Utilizzare la condivisione dello schermo potrebbe essere un ottimo modo per risolvere una serie piuttosto varia di problemi.

Per esempio, ciò consente di intervenire da remoto (in maniera diretta o meno) per risolvere problemi tecnici ma anche di controllare ciò che avviene su un determinato computer pur essendo distante da esso. Allo stesso modo, chi tiene webinar o simili, può fruire di tale funzione per rendere molto più pratica la propria lezione, interagendo direttamente con i propri alunni. Di fatto, per la maggior parte di utenti condividere ciò che avviene sullo schermo può risultare molto utile.
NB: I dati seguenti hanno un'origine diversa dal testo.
lemma Zp3_below_val: assumes "x \<in> Zp3" "n \<le> zp_val x" shows "x n = 0"
proof (cases n)
  case 0 then show ?thesis using Zp3_at_0[OF assms(1)] by simp
next
  case (Suc j)
  show ?thesis
  proof (cases "\<exists>k. x (Suc k) \<noteq> 0")
    case True
    then show ?thesis using assms(2) not_less_Least[of j "\<lambda>k. x (Suc k) \<noteq> 0"]
      unfolding Suc zp_val_def by auto
  qed (use Suc in auto)
qed

lemma Zp3_at_Suc_val: assumes "x \<in> Zp3" "x \<noteq> zp_zero" shows "x (Suc (zp_val x)) \<noteq> 0"
  using Zp3_nonzero_at_Suc[OF assms] LeastI[of "\<lambda>k. x (Suc k) \<noteq> 0"] unfolding zp_val_def by blast

lemma zp_val_leadI:
  assumes "x \<in> Zp3" "k < n" "x n = m mod 3^n" "3^k dvd m" "\<not> 3 dvd m div 3^k"
  shows "x \<noteq> zp_zero" "zp_val x = k" "zp_lead x = (m div 3^k) mod 3"
proof -
  have x_le: "x j = m mod 3^j" if "j \<le> n" for j
    using Zp3_mod_le[OF assms(1) that] assms(3) that by (simp add: mod_mod_cancel le_imp_power_dvd)
  have low: "x j = 0" if "j \<le> k" for j
    using x_le[of j] that assms(2,4) by (simp add: dvd_trans[OF le_imp_power_dvd])
  have digit: "(x (Suc k) div 3^k) mod 3 = (m div 3^k) mod 3"
    using x_le[of "Suc k"] mod_power3_digit(2)[OF assms(4), of "Suc k"] assms(2) by simp
  then have nz: "x (Suc k) \<noteq> 0" using assms(5) by (auto simp: dvd_eq_mod_eq_0)
  then show "x \<noteq> zp_zero" by auto
  show val: "zp_val x = k" unfolding zp_val_def
  proof (rule Least_equality)
    show "k \<le> j" if "x (Suc j) \<noteq> 0" for j using that low[of "Suc j"] by (cases "Suc j \<le> k") auto
  qed (rule nz)
  show "zp_lead x = (m div 3^k) mod 3" unfolding zp_lead_def val by (rule digit)
qed

lemma zp_val_lead_at:
  assumes "x \<in> Zp3" "x \<noteq> zp_zero" "zp_val x < n"
  shows "3^(zp_val x) dvd x n" "(x n div 3^(zp_val x)) mod 3 = zp_lead x" "zp_lead x \<noteq> 0"
proof -
  let ?v = "zp_val x"
  have "x n mod 3^?v = 0" using Zp3_mod_le[OF assms(1)] Zp3_below_val[OF assms(1)] assms(3) by simp
  then show d: "3^?v dvd x n" by (simp add: dvd_eq_mod_eq_0)
  have xs: "x n mod 3^Suc ?v = x (Suc ?v)" using Zp3_mod_le[OF assms(1), of "Suc ?v" n] assms(3) by simp
  then show "(x n div 3^?v) mod 3 = zp_lead x"
    using mod_power3_digit(2)[OF d, of "Suc ?v"] unfolding zp_lead_def by simp
  obtain w where w: "x (Suc ?v) = 3^?v * w" using mod_power3_digit(1)[OF d, of "Suc ?v"] xs by auto
  have "0 \<le> 3^?v * w" "3^?v * w < 3^?v * 3" using Zp3_bounds[OF assms(1), of "Suc ?v"] w by auto
  moreover have "(0::int) < 3^?v" by simp
  ultimately have "0 \<le> w" "w < 3" by (simp_all add: zero_le_mult_iff mult_less_cancel_left_pos)
  moreover have "w \<noteq> 0" using Zp3_at_Suc_val[OF assms(1,2)] w by auto
  ultimately show "zp_lead x \<noteq> 0" unfolding zp_lead_def using w by simp
qed

lemma zp_val_dvd: assumes "x \<in> Zp3" shows "3^(zp_val x) dvd x n"
proof (cases "x \<noteq> zp_zero \<and> zp_val x < n")
  case True then show ?thesis using zp_val_lead_at(1)[OF assms] by blast
next
  case False then show ?thesis using Zp3_below_val[OF assms, of n] by (cases "x = zp_zero") auto
qed

lemma Zp3_dvd_if_le_val:
  assumes "x \<in> Zp3" "x = zp_zero \<or> k \<le> zp_val x" shows "3^k dvd x n"
  using assms dvd_trans[OF le_imp_power_dvd zp_val_dvd[OF assms(1)]] by auto

lemma zp_lead_cases: assumes "x \<in> Zp3" "x \<noteq> zp_zero" shows "zp_lead x = 1 \<or> zp_lead x = 2"
proof -
  have "zp_lead x \<noteq> 0" using zp_val_lead_at(3)[OF assms, of "Suc (zp_val x)"] by simp
  moreover have "0 \<le> zp_lead x" "zp_lead x < 3" unfolding zp_lead_def by auto
  ultimately show ?thesis by auto
qed

lemma Zp3_unit_part:
  assumes "x \<in> Zp3" "x \<noteq> zp_zero" "zp_val x < n"
  obtains u where "x n = 3^(zp_val x) * u" "u mod 3 = zp_lead x" "\<not> 3 dvd u"
proof -
  obtain u where u: "x n = 3^(zp_val x) * u" using zp_val_lead_at(1)[OF assms] by blast
  have "u mod 3 = zp_lead x" using zp_val_lead_at(2)[OF assms] u by simp
  moreover then have "\<not> 3 dvd u" using zp_val_lead_at(3)[OF assms] by (simp add: dvd_eq_mod_eq_0)
  ultimately show ?thesis using that u by blast
qed

lemma zp_val_mul:
  assumes "x \<in> Zp3" "y \<in> Zp3" "x \<noteq> zp_zero" "y \<noteq> zp_zero"
  shows "zp_mul x y \<noteq> zp_zero" "zp_val (zp_mul x y) = zp_val x + zp_val y"
    "zp_lead (zp_mul x y) = (zp_lead x * zp_lead y) mod 3"
proof -
  let ?k = "zp_val x + zp_val y"
  obtain u where u: "x (Suc ?k) = 3^zp_val x * u" "u mod 3 = zp_lead x" "\<not> 3 dvd u"
    using Zp3_unit_part[OF assms(1,3), of "Suc ?k"] by auto
  obtain w where w: "y (Suc ?k) = 3^zp_val y * w" "w mod 3 = zp_lead y" "\<not> 3 dvd w"
    using Zp3_unit_part[OF assms(2,4), of "Suc ?k"] by auto
  have "x (Suc ?k) * y (Suc ?k) = 3^?k * (u * w)" unfolding u w by (simp add: power_add ac_simps)
  then have e: "zp_mul x y (Suc ?k) = (3^?k * (u * w)) mod 3^Suc ?k" by (simp add: zp_mul_def)
  have "\<not> 3 dvd 3^?k * (u * w) div 3^?k" using not_3_dvd_mult[OF u(3) w(3)] by simp
  note r = zp_val_leadI[OF zp_mul_in_Zp3[OF assms(1,2)] lessI e dvd_triv_left this]
  show "zp_mul x y \<noteq> zp_zero" "zp_val (zp_mul x y) = ?k" using r(1,2) by blast+
  have "zp_lead (zp_mul x y) = (u * w) mod 3" using r(3) by simp
  also have "\<dots> = ((u mod 3) * (w mod 3)) mod 3" by (rule mod_mult_eq[symmetric])
  finally show "zp_lead (zp_mul x y) = (zp_lead x * zp_lead y) mod 3" using u(2) w(2) by simp
qed

lemma zp_val_add_higher:
  assumes "x \<in> Zp3" "y \<in> Zp3" "x \<noteq> zp_zero" "\<And>n. 3^Suc (zp_val x) dvd y n"
  shows "zp_add x y \<noteq> zp_zero" "zp_val (zp_add x y) = zp_val x" "zp_lead (zp_add x y) = zp_lead x"
proof -
  let ?k = "zp_val x"
  obtain u where u: "x (Suc ?k) = 3^?k * u" "u mod 3 = zp_lead x" "\<not> 3 dvd u"
    using Zp3_unit_part[OF assms(1,3), of "Suc ?k"] by auto
  obtain r where r: "y (Suc ?k) = 3^Suc ?k * r" using assms(4) by blast
  have m: "x (Suc ?k) + y (Suc ?k) = 3^?k * (u + 3 * r)" unfolding u r by (simp add: algebra_simps)
  have "zp_add x y (Suc ?k) = (3^?k * (u + 3 * r)) mod 3^Suc ?k" unfolding zp_add_def m ..
  moreover have "\<not> 3 dvd 3^?k * (u + 3 * r) div 3^?k" using u(3) by (simp add: dvd_add_left_iff)
  ultimately have "zp_add x y \<noteq> zp_zero" "zp_val (zp_add x y) = ?k"
    "zp_lead (zp_add x y) = (u + 3 * r) mod 3"
    using zp_val_leadI[OF zp_add_in_Zp3[OF assms(1,2)], of ?k "Suc ?k" "3^?k * (u + 3 * r)"] by auto
  then show "zp_add x y \<noteq> zp_zero" "zp_val (zp_add x y) = ?k" "zp_lead (zp_add x y) = zp_lead x"
    using u(2) by simp_all
qed

lemma zp_val_neg:
  assumes "x \<in> Zp3" "x \<noteq> zp_zero"
  shows "zp_neg x \<noteq> zp_zero" "zp_val (zp_neg x) = zp_val x" "zp_lead (zp_neg x) = (- zp_lead x) mod 3"
proof -
  let ?k = "zp_val x"
  obtain u where u: "x (Suc ?k) = 3^?k * u" "u mod 3 = zp_lead x" "\<not> 3 dvd u"
    using Zp3_unit_part[OF assms(1,2), of "Suc ?k"] by auto
  have "zp_neg x (Suc ?k) = (3^?k * (- u)) mod 3^Suc ?k" unfolding zp_neg_def u by simp
  moreover have "3^?k * (- u) div 3^?k = - u" by (rule nonzero_mult_div_cancel_left) simp
  ultimately have "zp_neg x \<noteq> zp_zero" "zp_val (zp_neg x) = ?k" "zp_lead (zp_neg x) = (- u) mod 3"
    using zp_val_leadI[OF zp_neg_in_Zp3[OF assms(1)], of ?k "Suc ?k" "3^?k * (- u)"] u(3) by auto
  moreover have "(- u) mod 3 = (- (u mod 3)) mod 3" by (rule mod_minus_eq[symmetric])
  ultimately show "zp_neg x \<noteq> zp_zero" "zp_val (zp_neg x) = ?k" "zp_lead (zp_neg x) = (- zp_lead x) mod 3"
    using u(2) by simp_all
qed

lemma zp_val_of_int:
  assumes "c = 3^k * u" "\<not> 3 dvd u"
  shows "zp_of_int c \<noteq> zp_zero" "zp_val (zp_of_int c) = k" "zp_lead (zp_of_int c) = u mod 3"
proof -
  have "zp_of_int c (Suc k) = c mod 3^Suc k" by (simp add: zp_of_int_def)
  moreover have "3^k dvd c" "c div 3^k = u" using assms(1) by simp_all
  ultimately show "zp_of_int c \<noteq> zp_zero" "zp_val (zp_of_int c) = k" "zp_lead (zp_of_int c) = u mod 3"
    using zp_val_leadI[OF zp_of_int_in_Zp3, of k "Suc k" c] assms(2) by auto
qed

lemma zp_mul_of_int_dvd:
  assumes "t \<in> Zp3" "3^j dvd c"
  shows "3^(zp_val t + j) dvd zp_mul (zp_of_int c) t n"
proof -
  have "3^(zp_val t + j) dvd c * t n"
    using mult_dvd_mono[OF assms(2) zp_val_dvd[OF assms(1), of n]] by (simp add: power_add ac_simps)
  moreover have "zp_mul (zp_of_int c) t n = (c * t n) mod 3^n"
    by (simp add: zp_mul_def zp_of_int_def mod_mult_left_eq)
  ultimately show ?thesis
    by (cases "zp_val t + j \<le> n") (auto simp: dvd_mod le_imp_power_dvd dvd_trans[of "3^n" "3^(zp_val t + j)"])
qed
Per venire incontro a tale richiesta, gli sviluppatori di software hanno realizzato svariate soluzioni piuttosto funzionali. In questo articolo affronteremo proprio questo argomento, cercando di comprendere quali sono le principali applicazioni per la condivisione del display e l’eventuale azione da remoto all’interno di tale contesto.

Philips BDM4037UW desktop

Condivisione dello schermo: tutte le principali applicazioni disponibili

Al di là della semplice condivisione dello schermo, come abbiamo lasciato intuire, questi software offrono molto di più. In molti casi si ha il reale controllo sul dispositivo “visionato”, potendo intervenire direttamente per risolvere un dato problema.

Senza soffermarci oltre, andiamo ad analizzare le principali applicazioni, siano esse gratuite o meno.

TeamViewer

TeamViewer

Tra le tante alternative, la più conosciuta è senza ombra di dubbio TeamViewer. La principale caratteristica di tale applicazione è l’altissimo livello di compatibilità. Questo infatti lavora indistintamente su Windows, macOS, Linux, ChromeOS e persino piattaforme mobile (Android e iOS).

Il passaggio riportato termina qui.